- **REQUIRED WORK**: Look for "1 \<le> ennreal" in the entries below. Write out that line and all later lines exactly, ending with the final one.
#####
lemma AE_regular: "AE y in \<gamma>. y \<in> regular"
proof -
  have "AE y in \<gamma>. (T ^^ j) y \<notin> {0, \<theta>}" for j
  proof (rule AE_I')
    have "(T ^^ j) -` {0, \<theta>} \<inter> \<Omega> \<in> sets \<gamma>"
      by (intro sets_gammaI measurable_sets_borel[OF T_pow_measurable]) simp
    then show "(T ^^ j) -` {0, \<theta>} \<inter> \<Omega> \<in> null_sets \<gamma>"
      using emeasure_T_pow_vimage[of "{0, \<theta>}" j] emeasure_gamma_endpoints by (simp add: null_sets_def)
  qed (auto simp: space_gamma)
  then have "AE y in \<gamma>. \<forall>j. (T ^^ j) y \<notin> {0, \<theta>}"
    by (simp add: AE_all_countable)
  then show ?thesis
    using AE_space
  proof eventually_elim
    case (elim y)
    then have "(T ^^ j) y \<in> \<Omega>" for j
      by (intro T_pow_mem) (simp add: space_gamma)
    with elim show ?case
      unfolding regular_def by (auto simp: less_le)
  qed
qed

lemma digit_Suc_branch:
  assumes "m \<le> i" "y \<in> regular" "1 \<le> s"
  shows "digit \<theta> (Suc s) (branch i y) = digit \<theta> s y"
  using digit_shift[OF assms(3), of 1] T_branch[OF assms(1)] regular_bounds[OF assms(2)] by simp

definition digit_determined :: "nat \<Rightarrow> (real \<Rightarrow> 'a) \<Rightarrow> bool" where
  "digit_determined k F \<longleftrightarrow>
    (\<forall>x\<in>regular. \<forall>x'\<in>regular. (\<forall>i\<in>{1..k}. digit \<theta> i x = digit \<theta> i x') \<longrightarrow> F x = F x')"

lemma digit_determined_branch:
  assumes F: "digit_determined (Suc k) F" and i: "m \<le> i"
  shows "digit_determined k (\<lambda>y. F (branch i y))"
  unfolding digit_determined_def
proof (intro ballI impI)
  fix x x' assume x: "x \<in> regular" "x' \<in> regular"
    and same: "\<forall>s\<in>{1..k}. digit \<theta> s x = digit \<theta> s x'"
  have "digit \<theta> s (branch i x) = digit \<theta> s (branch i x')" if "s \<in> {1..Suc k}" for s
  proof (cases "s = 1")
    case True
    then show ?thesis
      using digit_1_branch[OF i] regular_bounds[OF x(1)] regular_bounds[OF x(2)] by simp
  next
    case False
    with that obtain s' where "s = Suc s'" "s' \<in> {1..k}"
      by (cases s) auto
    then show ?thesis
      using digit_Suc_branch[OF i] x same by simp
  qed
  then show "F (branch i x) = F (branch i x')"
    using F branch_regular[OF i] x unfolding digit_determined_def by blast
qed

lemma digit_determined_indicator:
  assumes "A \<in> digit_sigma \<theta> {1..k}"
  shows "digit_determined k (indicator A)"
proof -
  have "\<forall>x\<in>regular. \<forall>x'\<in>regular.
      (\<forall>i\<in>{1..k}. digit \<theta> i x = digit \<theta> i x') \<longrightarrow> (x \<in> A \<longleftrightarrow> x' \<in> A)"
    using assms unfolding digit_sigma_def
  proof (induct rule: sigma_sets.induct)
    case (Basic a)
    then obtain i D where a: "a = digit \<theta> i -` D \<inter> \<Omega>" "i \<in> {1..k}"
      by blast
    show ?case
    proof (intro ballI impI)
      fix x x' assume x: "x \<in> regular" "x' \<in> regular" "\<forall>i\<in>{1..k}. digit \<theta> i x = digit \<theta> i x'"
      then have "digit \<theta> i x = digit \<theta> i x'"
        using a(2) by blast
      then show "x \<in> a \<longleftrightarrow> x' \<in> a"
        unfolding a(1) using regular_mem[OF x(1)] regular_mem[OF x(2)] by simp
    qed
  next
    case (Compl a)
    show ?case
    proof (intro ballI impI)
      fix x x' assume "x \<in> regular" "x' \<in> regular" "\<forall>i\<in>{1..k}. digit \<theta> i x = digit \<theta> i x'"
      then show "x \<in> \<Omega> - a \<longleftrightarrow> x' \<in> \<Omega> - a"
        using Compl.hyps(2) regular_mem by blast
    qed
  next
    case (Union a)
    then show ?case
      by blast
  qed simp
  then show ?thesis
    unfolding digit_determined_def by (metis indicator_simps)
qed

subsection \<open>Log-Lipschitz cones\<close>

definition log_lip :: "real \<Rightarrow> (real \<Rightarrow> ennreal) \<Rightarrow> bool" where
  "log_lip a f \<longleftrightarrow> (\<forall>x\<in>regular. \<forall>y\<in>regular. f x \<le> ennreal (exp (a * \<bar>x - y\<bar>)) * f y)"

lemma log_lip_mono:
  assumes "a \<le> a'" "log_lip a f"
  shows "log_lip a' f"
  unfolding log_lip_def
proof (intro ballI)
  fix x y assume xy: "x \<in> regular" "y \<in> regular"
  have "f x \<le> ennreal (exp (a * \<bar>x - y\<bar>)) * f y"
    using assms(2) xy unfolding log_lip_def by auto
  also have "\<dots> \<le> ennreal (exp (a' * \<bar>x - y\<bar>)) * f y"
    using assms(1) by (intro mult_right_mono ennreal_leI) (auto intro: mult_right_mono)
  finally show "f x \<le> ennreal (exp (a' * \<bar>x - y\<bar>)) * f y" .
qed

lemma log_lip_const:
  assumes "0 \<le> a"
  shows "log_lip a (\<lambda>_. c)"
  unfolding log_lip_def
proof (intro ballI)
  fix x y
  have "ennreal 1 \<le> ennreal (exp (a * \<bar>x - y\<bar>))"
    using assms by (intro ennreal_leI) simp
  then show "c \<le> ennreal (exp (a * \<bar>x - y\<bar>)) * c"
    using mult_right_mono[of 1 _ c] by simp
qed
#####
- **RESPONSE TO THE TASK**:
  have "ennreal 1 \<le> ennreal (exp (a * \<bar>x - y\<bar>))"
    using assms by (intro ennreal_leI) simp
  then show "c \<le> ennreal (exp (a * \<bar>x - y\<bar>)) * c"
    using mult_right_mono[of 1 _ c] by simp
qed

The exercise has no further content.